Segment Start: Given records

lemma exists_rep_adj:
  assumes split: "product_split X A K p q s" and u: "u \<in> reps X" and v: "v \<in> reps A"
  shows "rle A (exists_rep A K s u) v \<longleftrightarrow> rle X u (reindex_rep p v)"
proof -
  obtain B a E c where uv: "u = (B, a)" "v = (E, c)"
    by (cases u, cases v) auto
  note arr = product_split_arr[OF split] and comp = product_split_comp[OF split]
    and pair = product_split_pair[OF split]
  have obj: "ob B" "ob E" "a \<in> PO D (prd X B)" "c \<in> PO D (prd A E)"
    using u v uv by auto
  let ?\<psi> = "\<langle>s \<cdot> \<langle>p1 A (prd K B), p1 K B \<cdot> p2 A (prd K B)\<rangle>, p2 K B \<cdot> p2 A (prd K B)\<rangle>"
  let ?\<psi>' = "\<langle>p \<cdot> p1 X B, \<langle>q \<cdot> p1 X B, p2 X B\<rangle>\<rangle>"
  have inverse: "?\<psi> \<cdot> ?\<psi>' = idn (prd X B)"
    using arr obj comp pair by simp
  show ?thesis
    unfolding uv exists_rep_def fst_conv snd_conv reindex_rep_Pair split_assoc_def
  proof
    assume "rle A (prd K B, PM D ?\<psi> a) (E, c)"
    then obtain g where g: "ar g" "dm g = prd A (prd K B)" "cd g = E"
      "PL D (prd A (prd K B)) (PM D ?\<psi> a) (PM D \<langle>p1 A (prd K B), g\<rangle> c)"
      by (rule rleE)
    have "PL D (prd X B) (PM D ?\<psi>' (PM D ?\<psi> a)) (PM D ?\<psi>' (PM D \<langle>p1 A (prd K B), g\<rangle> c))"
      by (rule reindex_mono) (use g arr obj in simp_all)
    then have "PL D (prd X B) (PM D (?\<psi> \<cdot> ?\<psi>') a) (PM D (\<langle>p1 A (prd K B), g\<rangle> \<cdot> ?\<psi>') c)"
      using g arr obj by (subst (asm) reindex_comp, simp_all)+
    then have "PL D (prd X B) a (PM D (\<langle>p1 A (prd K B), g\<rangle> \<cdot> ?\<psi>') c)"
      unfolding inverse using obj arr by simp
    then show "rle X (B, a) (E, PM D (times C Pr p (idn E)) c)"
      using g obj arr by (intro rleI[of "g \<cdot> ?\<psi>'"]) simp_all
  next
    assume "rle X (B, a) (E, PM D (times C Pr p (idn E)) c)"
    then obtain g where g: "ar g" "dm g = prd X B" "cd g = E"
      "PL D (prd X B) a (PM D \<langle>p1 X B, g\<rangle> (PM D (times C Pr p (idn E)) c))"
      by (rule rleE)
    have "PL D (prd A (prd K B)) (PM D ?\<psi> a)
        (PM D ?\<psi> (PM D \<langle>p1 X B, g\<rangle> (PM D (times C Pr p (idn E)) c)))"
      by (rule reindex_mono) (use g arr obj in simp_all)
    then show "rle A (prd K B, PM D ?\<psi> a) (E, c)"
      using g obj arr comp by (intro rleI[of "g \<cdot> ?\<psi>"]) simp_all
  qed
qed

Segment End: Given records

= What the task requires =
The word to look for is "rangle"; copy out every line of the entries that holds it.

= Reply to the task =
  let ?\<psi> = "\<langle>s \<cdot> \<langle>p1 A (prd K B), p1 K B \<cdot> p2 A (prd K B)\<rangle>, p2 K B \<cdot> p2 A (prd K B)\<rangle>"
  let ?\<psi>' = "\<langle>p \<cdot> p1 X B, \<langle>q \<cdot> p1 X B, p2 X B\<rangle>\<rangle>"
      "PL D (prd A (prd K B)) (PM D ?\<psi> a) (PM D \<langle>p1 A (prd K B), g\<rangle> c)"
    have "PL D (prd X B) (PM D ?\<psi>' (PM D ?\<psi> a)) (PM D ?\<psi>' (PM D \<langle>p1 A (prd K B), g\<rangle> c))"
    then have "PL D (prd X B) (PM D (?\<psi> \<cdot> ?\<psi>') a) (PM D (\<langle>p1 A (prd K B), g\<rangle> \<cdot> ?\<psi>') c)"
    then have "PL D (prd X B) a (PM D (\<langle>p1 A (prd K B), g\<rangle> \<cdot> ?\<psi>') c)"
      "PL D (prd X B) a (PM D \<langle>p1 X B, g\<rangle> (PM D (times C Pr p (idn E)) c))"
        (PM D ?\<psi> (PM D \<langle>p1 X B, g\<rangle> (PM D (times C Pr p (idn E)) c)))"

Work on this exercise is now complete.